Bagham realized he had crumpled the metal chair under his fingers as he watched the video. He had to draw Magali out before these little victories snowballed into something bigger. He needed to prove what she was to Orion. He had to stop her…
Magali was hunkered down against a wall of Honor’s cargo bay, exhausted, having just led her troops against—and liberated—Yolk Factory 16, when the ship’s com system flashed on. Instead of a message from the pilot, as she expected, Co
lonel Steele’s face showed up on the screen.

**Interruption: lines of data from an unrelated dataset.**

(* Let $r\in\mathbb Z_+$ be even and $\Gamma=\Gamma_{(r,r)}$. If $E\in(-4,4)\setminus\mathcal C_\Gamma$, then $E\in\operatorname{int}B_j^\Gamma$ for some $j$.
   Context: For $r\ge3$ and $\theta\in\mathbb R$, $\Delta_\theta^r\in\mathbb C^{r\times r}$ is the Hermitian matrix with $1$ on the sub- and superdiagonals, $0$ on the diagonal, entry $e^{-i\theta}$ in position $(1,r)$ and $e^{i\theta}$ in position $(r,1)$, all other entries $0$; $\Delta_\theta^2=\begin{bmatrix}0&1+e^{-i\theta}\\1+e^{i\theta}&0\end{bmatrix}$. $\Gamma=\Gamma_{(r,r)}=([0,r)\times[0,r))\cap\mathbb Z^2$, $\Delta^\Gamma_{\theta,\varphi}=\Delta_\theta^r\otimes I_r+I_r\otimes\Delta_\varphi^r$, with eigenvalues $\lambda_1^\Gamma(\theta,\varphi)\le\cdots\le\lambda_{r^2}^\Gamma(\theta,\varphi)$ counted with multiplicity, and bands $B_j^\Gamma=\{\lambda_j^\Gamma(\theta,\varphi):(\theta,\varphi)\in[0,\pi]^2\}$. $\mathcal C_r=\{2\cos(\pi j/r): j\in\mathbb Z,\ 0\le j\le r\}$ and $\mathcal C_\Gamma=\mathcal C_r+\mathcal C_r=\{a+b:a,b\in\mathcal C_r\}$ (the exceptional energies). *)

theory Defs
  imports "HOL-Analysis.Analysis" "Jordan_Normal_Form.Char_Poly"
begin

text \<open>The r x r matrix Delta^r_theta (0-based indices). Position (1,r) of the paper is (0,r-1).\<close>
definition Delta :: "nat \<Rightarrow> real \<Rightarrow> complex Matrix.mat" where
  "Delta r \<theta> =
    (if r = 2 then
       Matrix.mat 2 2 (\<lambda>(i,j). if i = 0 \<and> j = 1 then 1 + cis (-\<theta>)
                               else if i = 1 \<and> j = 0 then 1 + cis \<theta> else 0)
     else
       Matrix.mat r r (\<lambda>(i,j). if j = i + 1 \<or> i = j + 1 then 1
                               else if i = 0 \<and> j = r - 1 then cis (-\<theta>)
                               else if i = r - 1 \<and> j = 0 then cis \<theta> else 0))"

“This message is going out on all channels, broadcast on all bands, and is intended for the rebel Magali Landborn,” Steele said. “It will repeat until I get a response.” He smiled, but it didn’t reach his eyes. “So Magali. I hear you took another Yolk mine, so I’ll make this quick. I’m curious how you managed to live through our last engagement, and I’m willing to give it another go. In fact, I insist. I’ve still got plenty of Nephyrs, operators, Bouncers, and armaments at my disposal to put a hole in your little world. After careful consideration, I think I’ll start with Silver City. So consider this a challenge. Appear before me, fight me, and whoever wins will take control of Fortune. You hear that? As the ranking official on Fortune, if you agree to fight me and I lose, I will cede the planet to you as per Section 17 of the Wartime Regulations Act. However, if you don’t fight me, and you continue to insist on heinous sabotage and guerrilla tactics, it is within my rights to declare Fortune in an open state of rebellion and I will begin full bombardment of civilian outposts tomorrow afternoon. If you do decide to save a few lives and meet me, however, we can settle this peaceably, one way or another. The match will be completely televised by representatives of all of Fortune’s stations, so that there’s no question of foul play. As an added bonus, if you show up sometime in the next…” he needlessly glanced at his watch for effect, “Twelve hours, I won’t execute your lover for your cowardice.” At that, he panned the camera to show Patrick, shirtless, sitting on a chair, hands tied behind his back, a gag in his mouth.
Someone had tattooed him from head to toe like Milar. He looked whipped, beaten. Hopeless.
Steele yanked the gag out. “Patrick, tell the world something only Magali would know, so she knows it’s you.”